Of all the things on my to-do list today — lesson planning, gift wrapping, client shopping — this ranked last.

Yet here I am, at the end of the day, staring at 6 dozen red velvet crinkle cookies, 2 dozen cherry-white chocolate biscotti and these:

eves-tarts-1

Eve’s tiny date tarts.

Eve is my hairdresser. I tasted her tarts last December, when she laid them out to show clients how much she appreciates them.

I thought I was eating chocolate. Eve’s sister-in-law set me straight.

“It’s not chocolate; it’s dates,” she said. “We make them every year.”

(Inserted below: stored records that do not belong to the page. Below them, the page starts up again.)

lemma normal_PiM_sum_distributed:
  fixes a :: "'i::finite \<Rightarrow> real"
  assumes "\<xi> > 0" and "\<exists>i. a i \<noteq> 0"
  shows "distributed (normal_PiM \<xi>) lborel (\<lambda>f. \<Sum>i\<in>UNIV. a i * f i)
           (\<lambda>x. ennreal (normal_density 0 (\<xi> * sqrt (\<Sum>i\<in>UNIV. (a i)\<^sup>2)) x))"
proof -
  interpret prob_space "normal_PiM \<xi>" by (rule prob_space_normal_PiM[OF assms(1)])
  define I where "I = {i. a i \<noteq> 0}"
  have I: "finite I" "I \<noteq> {}" using assms(2) by (auto simp: I_def)
  have "indep_vars (\<lambda>_. normal_measure \<xi>) (\<lambda>i f. f i) (UNIV :: 'i set)"
    using indep_vars_PiM_components[of UNIV "\<lambda>_. normal_measure \<xi>"] prob_space_normal_measure[OF assms(1)]
    by (simp add: normal_PiM_def)
  then have "indep_vars (\<lambda>_. borel) (\<lambda>i f. a i * f i) UNIV"
    by (rule indep_vars_compose2[where Y="\<lambda>i x. a i * x"]) measurable
  then have indep: "indep_vars (\<lambda>_. borel) (\<lambda>i f. a i * f i) I"
    by (rule indep_vars_subset) simp
  have component: "distributed (normal_PiM \<xi>) lborel (\<lambda>f. f i) (\<lambda>x. ennreal (normal_density 0 \<xi> x))" for i
  proof -
    have "distr (normal_PiM \<xi>) lborel (\<lambda>f. f i) = distr (normal_PiM \<xi>) (normal_measure \<xi>) (\<lambda>f. f i)"
      by (rule distr_cong) auto
    also have "\<dots> = normal_measure \<xi>"
      unfolding normal_PiM_def by (rule distr_PiM_component) (auto intro: prob_space_normal_measure assms)
    finally show ?thesis
      by (auto simp: distributed_def normal_measure_def normal_PiM_def)
  qed
  have "distributed (normal_PiM \<xi>) lborel (\<lambda>f. \<Sum>i\<in>I. a i * f i)
      (normal_density (\<Sum>i\<in>I. 0) (sqrt (\<Sum>i\<in>I. (\<bar>a i\<bar> * \<xi>)\<^sup>2)))"
    using normal_density_affine[OF component assms(1), of "a _" 0] assms(1)
    by (intro sum_indep_normal[OF I indep]) (auto simp: I_def)
  moreover have "(\<lambda>f. \<Sum>i\<in>I. a i * f i) = (\<lambda>f. \<Sum>i\<in>UNIV. a i * f i)"
    by (intro ext sum.mono_neutral_left) (auto simp: I_def)
  moreover have "sqrt (\<Sum>i\<in>I. (\<bar>a i\<bar> * \<xi>)\<^sup>2) = \<xi> * sqrt (\<Sum>i\<in>UNIV. (a i)\<^sup>2)"
    using assms(1) by (simp add: power_mult_distrib sum_distrib_right[symmetric] real_sqrt_mult
        sum.mono_neutral_left I_def)
  ultimately show ?thesis by simp
qed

Eve came to the DC area years ago. Born in Cyprus, she spent most of her growing-up years in London. She and her family are now firmly ensconced in the U.S. and an integral part of our large Greek community.

I discovered her shop shortly after moving here in 2002. Smitten with a fellow yoga student’s haircut, I got Eve’s name and dropped by her salon.

It was instant love.

“That’s an awful haircut,” she told me.

“What do you think of the color?” I asked.

“Not much.”

It may sound harsh, but that’s the sort of honesty I want in my hairdresser. She hasn’t steered me wrong since.

Plus, now she feeds me tarts. When I told her how much I loved them, she scribbled the ingredients on an invoice slip, saying: “You’ll know what to do.”

I probably could have used some more direction. I remember Eve’s tarts as crumbly and delicate. Mine are a bit more substantial (the big girl at today’s cookie fest). But they have allure.

“What are in these?” my youngest asked before dinner, throwing a couple in his mouth. “Chocolate?”

No. There’s chocolate in the red velvet crinkles, which came from Southern Living. Chocolate in the biscotti, which hail from Martha Stewart.

These tarts have dates. And they’re from Eve.

Eve’s Date Tarts

In retrospect, I think Eve told me to mix these tartlets by hand. I used a food processor, which drastically cut down on time but increased the density of both dough and filling. No worries, though. They emerged crisp and and chewy after their stint in the oven.

  • 1 cup all-purpose flour
  • 1 stick unsalted butter (chilled is fine)
  • 3 ounces cream cheese (chilled is fine)
  • 1 egg
  • 1/2 cup chopped, pitted dates
  • 1/2 cup brown sugar
  • 1/2 cup chopped pecans or walnuts
  • Pinch of kosher salt

Preheat your oven to 325 degrees. Coat a mini-muffin pan with nonstick cooking spray and set aside.

Place the first three ingredients in the bowl of a food processor. Process until the mixture comes together in a ball.

Roll the dough between your palms into 1-inch balls. Press the balls into the muffin tins, making sure they extend up the sides.

Place the egg, dates, brown sugar, nuts and salt in a clean processor bowl. Process until everything is well-incorporated.

Carefully spoon 1/2-3/4 teaspoon of the date mixture into your mini-tart crusts. (You’ll have leftover filling. Save it for another use.)

Bake, uncovered, for 30 minutes.

Cover your pan loosely with foil and bake another 20 minutes, checking periodically to make sure your crusts aren’t burning. You want the filling to be well set and the crusts to be golden.

Remove the pan from the oven. Let the tarts cool for 10 minutes, then carefully move them onto a plate. Serve warm or at room temperature.